## EXERCISE REQUIREMENTS
Scan the data for "where" and copy the lines it appears in.

## GIVEN ENTRIES
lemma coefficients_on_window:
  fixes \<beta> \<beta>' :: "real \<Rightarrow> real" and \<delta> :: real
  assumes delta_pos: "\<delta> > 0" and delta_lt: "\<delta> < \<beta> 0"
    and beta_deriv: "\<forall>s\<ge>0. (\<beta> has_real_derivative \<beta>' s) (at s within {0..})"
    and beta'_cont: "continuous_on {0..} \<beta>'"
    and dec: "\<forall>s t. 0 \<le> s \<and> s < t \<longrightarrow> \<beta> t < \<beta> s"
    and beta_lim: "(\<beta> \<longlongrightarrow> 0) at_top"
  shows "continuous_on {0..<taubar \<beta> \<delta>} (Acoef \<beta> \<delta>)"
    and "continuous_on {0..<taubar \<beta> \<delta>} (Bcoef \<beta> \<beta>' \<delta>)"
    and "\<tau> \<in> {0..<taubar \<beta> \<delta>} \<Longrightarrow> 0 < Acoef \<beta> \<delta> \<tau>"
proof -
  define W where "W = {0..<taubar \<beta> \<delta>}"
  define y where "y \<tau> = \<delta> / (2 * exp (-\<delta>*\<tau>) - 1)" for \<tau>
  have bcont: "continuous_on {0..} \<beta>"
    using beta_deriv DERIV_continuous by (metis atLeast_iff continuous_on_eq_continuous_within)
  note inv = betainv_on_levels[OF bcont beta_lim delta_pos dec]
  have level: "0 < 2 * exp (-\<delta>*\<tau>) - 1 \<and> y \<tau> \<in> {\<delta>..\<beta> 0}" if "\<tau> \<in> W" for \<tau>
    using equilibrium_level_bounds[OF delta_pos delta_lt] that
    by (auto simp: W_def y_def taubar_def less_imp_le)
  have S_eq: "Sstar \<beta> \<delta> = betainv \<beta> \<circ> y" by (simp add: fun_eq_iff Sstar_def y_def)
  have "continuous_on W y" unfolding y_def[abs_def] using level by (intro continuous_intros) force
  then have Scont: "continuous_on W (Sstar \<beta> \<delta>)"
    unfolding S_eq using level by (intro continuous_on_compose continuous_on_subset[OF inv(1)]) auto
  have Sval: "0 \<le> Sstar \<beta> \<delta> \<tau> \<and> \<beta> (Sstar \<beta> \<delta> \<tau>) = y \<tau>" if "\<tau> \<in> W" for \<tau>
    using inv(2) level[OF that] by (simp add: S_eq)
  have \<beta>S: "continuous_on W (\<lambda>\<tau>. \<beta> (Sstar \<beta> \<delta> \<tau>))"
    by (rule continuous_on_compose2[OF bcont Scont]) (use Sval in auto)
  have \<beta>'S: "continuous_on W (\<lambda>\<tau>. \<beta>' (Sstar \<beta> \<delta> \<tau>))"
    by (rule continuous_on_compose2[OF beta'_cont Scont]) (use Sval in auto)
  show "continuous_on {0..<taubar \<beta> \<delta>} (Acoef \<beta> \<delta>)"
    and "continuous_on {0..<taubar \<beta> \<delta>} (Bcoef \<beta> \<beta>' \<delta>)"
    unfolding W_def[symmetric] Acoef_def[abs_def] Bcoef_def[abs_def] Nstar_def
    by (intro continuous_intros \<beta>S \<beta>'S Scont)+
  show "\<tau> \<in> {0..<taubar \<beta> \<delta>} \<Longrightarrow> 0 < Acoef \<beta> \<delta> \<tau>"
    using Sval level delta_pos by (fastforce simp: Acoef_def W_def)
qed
...
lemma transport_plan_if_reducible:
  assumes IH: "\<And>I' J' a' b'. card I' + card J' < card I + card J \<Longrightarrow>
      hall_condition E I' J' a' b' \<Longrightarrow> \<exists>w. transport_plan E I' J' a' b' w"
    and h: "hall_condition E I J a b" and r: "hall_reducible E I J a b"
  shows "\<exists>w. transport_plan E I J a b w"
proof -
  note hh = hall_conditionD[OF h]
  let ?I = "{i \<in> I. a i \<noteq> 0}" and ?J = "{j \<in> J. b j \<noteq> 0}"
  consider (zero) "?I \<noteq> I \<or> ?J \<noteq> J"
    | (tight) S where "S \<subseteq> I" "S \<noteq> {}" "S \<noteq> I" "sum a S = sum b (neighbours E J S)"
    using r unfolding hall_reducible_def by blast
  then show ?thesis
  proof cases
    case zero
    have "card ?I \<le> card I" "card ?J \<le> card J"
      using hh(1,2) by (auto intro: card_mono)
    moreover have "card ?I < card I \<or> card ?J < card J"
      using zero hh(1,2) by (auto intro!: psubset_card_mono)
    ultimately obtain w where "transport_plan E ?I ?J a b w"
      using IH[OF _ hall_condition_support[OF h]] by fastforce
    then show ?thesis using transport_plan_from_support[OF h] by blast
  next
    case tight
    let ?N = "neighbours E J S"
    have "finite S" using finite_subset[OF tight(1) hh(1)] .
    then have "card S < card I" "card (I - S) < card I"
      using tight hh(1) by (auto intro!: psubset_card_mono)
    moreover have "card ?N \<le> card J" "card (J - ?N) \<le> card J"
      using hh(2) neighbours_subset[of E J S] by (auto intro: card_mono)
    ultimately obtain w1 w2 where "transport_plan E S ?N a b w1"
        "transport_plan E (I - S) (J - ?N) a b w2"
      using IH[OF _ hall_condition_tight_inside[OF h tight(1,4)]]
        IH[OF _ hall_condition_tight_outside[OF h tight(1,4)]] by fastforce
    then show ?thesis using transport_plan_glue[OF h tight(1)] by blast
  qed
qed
--
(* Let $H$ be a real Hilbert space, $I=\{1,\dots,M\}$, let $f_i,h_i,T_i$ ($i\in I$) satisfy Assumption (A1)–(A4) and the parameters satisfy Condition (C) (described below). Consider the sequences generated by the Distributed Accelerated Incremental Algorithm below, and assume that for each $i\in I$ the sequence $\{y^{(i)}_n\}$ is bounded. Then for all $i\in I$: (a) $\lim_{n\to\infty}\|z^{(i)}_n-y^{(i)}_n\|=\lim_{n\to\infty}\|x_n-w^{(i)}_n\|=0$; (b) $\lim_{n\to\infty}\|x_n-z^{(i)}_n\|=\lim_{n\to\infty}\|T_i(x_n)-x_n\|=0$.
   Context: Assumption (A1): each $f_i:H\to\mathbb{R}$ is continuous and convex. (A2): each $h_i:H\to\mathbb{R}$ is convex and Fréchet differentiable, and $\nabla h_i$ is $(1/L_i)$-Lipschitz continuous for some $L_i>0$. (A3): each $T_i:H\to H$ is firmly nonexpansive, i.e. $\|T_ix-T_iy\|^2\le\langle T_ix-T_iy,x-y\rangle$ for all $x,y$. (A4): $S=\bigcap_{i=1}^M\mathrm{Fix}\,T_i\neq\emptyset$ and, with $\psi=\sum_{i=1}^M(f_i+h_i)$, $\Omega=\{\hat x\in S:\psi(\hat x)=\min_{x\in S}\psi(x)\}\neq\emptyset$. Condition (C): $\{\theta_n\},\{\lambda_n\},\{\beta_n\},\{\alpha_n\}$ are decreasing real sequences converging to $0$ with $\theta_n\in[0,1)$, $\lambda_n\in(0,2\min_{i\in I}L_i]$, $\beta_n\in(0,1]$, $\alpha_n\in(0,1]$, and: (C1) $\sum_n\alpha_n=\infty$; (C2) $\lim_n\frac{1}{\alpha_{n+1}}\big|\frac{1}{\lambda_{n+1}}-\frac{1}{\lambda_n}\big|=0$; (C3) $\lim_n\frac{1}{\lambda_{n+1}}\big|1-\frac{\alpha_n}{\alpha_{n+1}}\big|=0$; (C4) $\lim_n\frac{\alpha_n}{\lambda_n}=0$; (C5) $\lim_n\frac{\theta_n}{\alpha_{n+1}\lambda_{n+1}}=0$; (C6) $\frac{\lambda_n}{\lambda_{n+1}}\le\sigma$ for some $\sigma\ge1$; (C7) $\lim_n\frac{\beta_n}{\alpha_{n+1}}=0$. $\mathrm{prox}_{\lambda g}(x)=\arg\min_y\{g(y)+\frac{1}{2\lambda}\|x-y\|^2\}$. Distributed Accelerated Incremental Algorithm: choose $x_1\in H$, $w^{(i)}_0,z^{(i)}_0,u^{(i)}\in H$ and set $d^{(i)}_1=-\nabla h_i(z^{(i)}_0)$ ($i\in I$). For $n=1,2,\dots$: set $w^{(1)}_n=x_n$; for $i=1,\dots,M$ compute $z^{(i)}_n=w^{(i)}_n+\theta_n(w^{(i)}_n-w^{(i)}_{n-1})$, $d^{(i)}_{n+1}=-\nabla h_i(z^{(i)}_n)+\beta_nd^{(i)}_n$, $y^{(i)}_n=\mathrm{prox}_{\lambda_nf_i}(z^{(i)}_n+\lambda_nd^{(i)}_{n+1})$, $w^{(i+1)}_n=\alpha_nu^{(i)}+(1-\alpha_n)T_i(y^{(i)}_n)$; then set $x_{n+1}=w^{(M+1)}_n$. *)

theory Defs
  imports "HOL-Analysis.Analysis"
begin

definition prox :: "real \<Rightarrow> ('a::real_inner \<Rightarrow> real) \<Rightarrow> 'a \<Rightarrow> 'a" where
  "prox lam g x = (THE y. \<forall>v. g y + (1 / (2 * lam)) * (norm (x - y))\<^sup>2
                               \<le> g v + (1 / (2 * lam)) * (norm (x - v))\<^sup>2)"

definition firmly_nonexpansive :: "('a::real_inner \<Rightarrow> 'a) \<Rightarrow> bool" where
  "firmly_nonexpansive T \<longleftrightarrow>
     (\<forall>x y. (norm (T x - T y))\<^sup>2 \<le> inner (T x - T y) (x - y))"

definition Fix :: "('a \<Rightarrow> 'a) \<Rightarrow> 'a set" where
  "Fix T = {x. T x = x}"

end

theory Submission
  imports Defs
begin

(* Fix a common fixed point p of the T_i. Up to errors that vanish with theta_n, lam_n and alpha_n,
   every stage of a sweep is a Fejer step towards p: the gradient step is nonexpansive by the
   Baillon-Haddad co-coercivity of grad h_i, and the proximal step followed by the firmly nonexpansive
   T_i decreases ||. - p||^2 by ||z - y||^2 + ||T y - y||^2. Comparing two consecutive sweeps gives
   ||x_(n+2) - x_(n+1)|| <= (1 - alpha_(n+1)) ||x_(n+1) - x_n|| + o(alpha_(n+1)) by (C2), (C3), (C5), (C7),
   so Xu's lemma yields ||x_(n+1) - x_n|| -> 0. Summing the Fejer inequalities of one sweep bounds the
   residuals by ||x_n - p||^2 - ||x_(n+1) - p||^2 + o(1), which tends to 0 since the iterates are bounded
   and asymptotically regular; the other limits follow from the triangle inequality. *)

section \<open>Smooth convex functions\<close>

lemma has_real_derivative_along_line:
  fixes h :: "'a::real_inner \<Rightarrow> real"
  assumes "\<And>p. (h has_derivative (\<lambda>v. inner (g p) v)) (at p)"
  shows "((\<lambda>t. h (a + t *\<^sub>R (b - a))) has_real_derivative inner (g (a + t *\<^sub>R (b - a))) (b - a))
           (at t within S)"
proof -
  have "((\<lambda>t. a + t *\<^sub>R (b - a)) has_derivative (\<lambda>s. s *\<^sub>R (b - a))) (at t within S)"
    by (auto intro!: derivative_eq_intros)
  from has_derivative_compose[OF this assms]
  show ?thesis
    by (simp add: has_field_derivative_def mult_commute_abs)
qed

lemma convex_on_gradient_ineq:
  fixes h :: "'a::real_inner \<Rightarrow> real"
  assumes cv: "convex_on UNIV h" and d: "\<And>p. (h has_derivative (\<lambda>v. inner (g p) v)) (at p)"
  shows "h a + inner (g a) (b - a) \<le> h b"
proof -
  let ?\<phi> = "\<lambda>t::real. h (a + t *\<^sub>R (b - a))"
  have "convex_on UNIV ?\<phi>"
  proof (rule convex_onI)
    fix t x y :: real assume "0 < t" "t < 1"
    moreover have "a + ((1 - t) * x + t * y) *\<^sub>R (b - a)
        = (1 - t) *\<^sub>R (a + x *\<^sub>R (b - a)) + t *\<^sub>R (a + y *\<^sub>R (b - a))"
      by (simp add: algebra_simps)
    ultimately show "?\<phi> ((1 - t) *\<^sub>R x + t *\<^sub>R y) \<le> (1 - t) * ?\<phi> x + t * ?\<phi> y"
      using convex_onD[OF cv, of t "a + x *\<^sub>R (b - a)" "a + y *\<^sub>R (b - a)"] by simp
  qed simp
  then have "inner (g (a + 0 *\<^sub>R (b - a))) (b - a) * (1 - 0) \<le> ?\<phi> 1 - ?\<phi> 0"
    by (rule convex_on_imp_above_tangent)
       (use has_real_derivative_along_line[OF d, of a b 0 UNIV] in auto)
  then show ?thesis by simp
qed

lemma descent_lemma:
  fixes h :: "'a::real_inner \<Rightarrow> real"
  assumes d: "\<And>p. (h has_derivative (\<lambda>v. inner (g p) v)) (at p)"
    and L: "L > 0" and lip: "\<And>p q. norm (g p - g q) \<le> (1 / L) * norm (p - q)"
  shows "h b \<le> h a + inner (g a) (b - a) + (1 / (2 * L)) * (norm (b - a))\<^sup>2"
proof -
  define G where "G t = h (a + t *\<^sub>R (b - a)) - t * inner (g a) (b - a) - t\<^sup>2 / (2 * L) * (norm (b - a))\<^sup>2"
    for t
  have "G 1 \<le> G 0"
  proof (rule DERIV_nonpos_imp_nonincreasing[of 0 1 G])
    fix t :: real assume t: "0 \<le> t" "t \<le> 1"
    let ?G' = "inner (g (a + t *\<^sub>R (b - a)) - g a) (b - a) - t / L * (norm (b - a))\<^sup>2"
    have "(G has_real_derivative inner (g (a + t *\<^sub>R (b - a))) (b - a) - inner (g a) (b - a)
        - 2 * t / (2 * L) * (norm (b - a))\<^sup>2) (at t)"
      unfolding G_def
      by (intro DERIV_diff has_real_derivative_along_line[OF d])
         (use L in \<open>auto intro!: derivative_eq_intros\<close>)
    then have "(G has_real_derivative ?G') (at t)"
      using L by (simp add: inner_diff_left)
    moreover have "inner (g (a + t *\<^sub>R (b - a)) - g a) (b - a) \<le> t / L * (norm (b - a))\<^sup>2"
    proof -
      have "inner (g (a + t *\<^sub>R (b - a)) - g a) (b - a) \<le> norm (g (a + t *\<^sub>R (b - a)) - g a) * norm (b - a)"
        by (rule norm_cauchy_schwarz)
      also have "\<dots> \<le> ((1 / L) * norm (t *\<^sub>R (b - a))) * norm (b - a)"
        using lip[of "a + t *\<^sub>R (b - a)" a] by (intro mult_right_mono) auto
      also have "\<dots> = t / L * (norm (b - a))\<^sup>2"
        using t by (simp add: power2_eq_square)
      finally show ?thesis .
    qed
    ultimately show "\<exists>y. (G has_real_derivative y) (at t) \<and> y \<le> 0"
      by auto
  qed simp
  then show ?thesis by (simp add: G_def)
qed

## TASK OUTPUT
  define W where "W = {0..<taubar \<beta> \<delta>}"
  define y where "y \<tau> = \<delta> / (2 * exp (-\<delta>*\<tau>) - 1)" for \<tau>
    | (tight) S where "S \<subseteq> I" "S \<noteq> {}" "S \<noteq> I" "sum a S = sum b (neighbours E J S)"
    ultimately obtain w where "transport_plan E ?I ?J a b w"
    ultimately obtain w1 w2 where "transport_plan E S ?N a b w1"
definition prox :: "real \<Rightarrow> ('a::real_inner \<Rightarrow> real) \<Rightarrow> 'a \<Rightarrow> 'a" where
definition firmly_nonexpansive :: "('a::real_inner \<Rightarrow> 'a) \<Rightarrow> bool" where
definition Fix :: "('a \<Rightarrow> 'a) \<Rightarrow> 'a set" where
  define G where "G t = h (a + t *\<^sub>R (b - a)) - t * inner (g a) (b - a) - t\<^sup>2 / (2 * L) * (norm (b - a))\<^sup>2"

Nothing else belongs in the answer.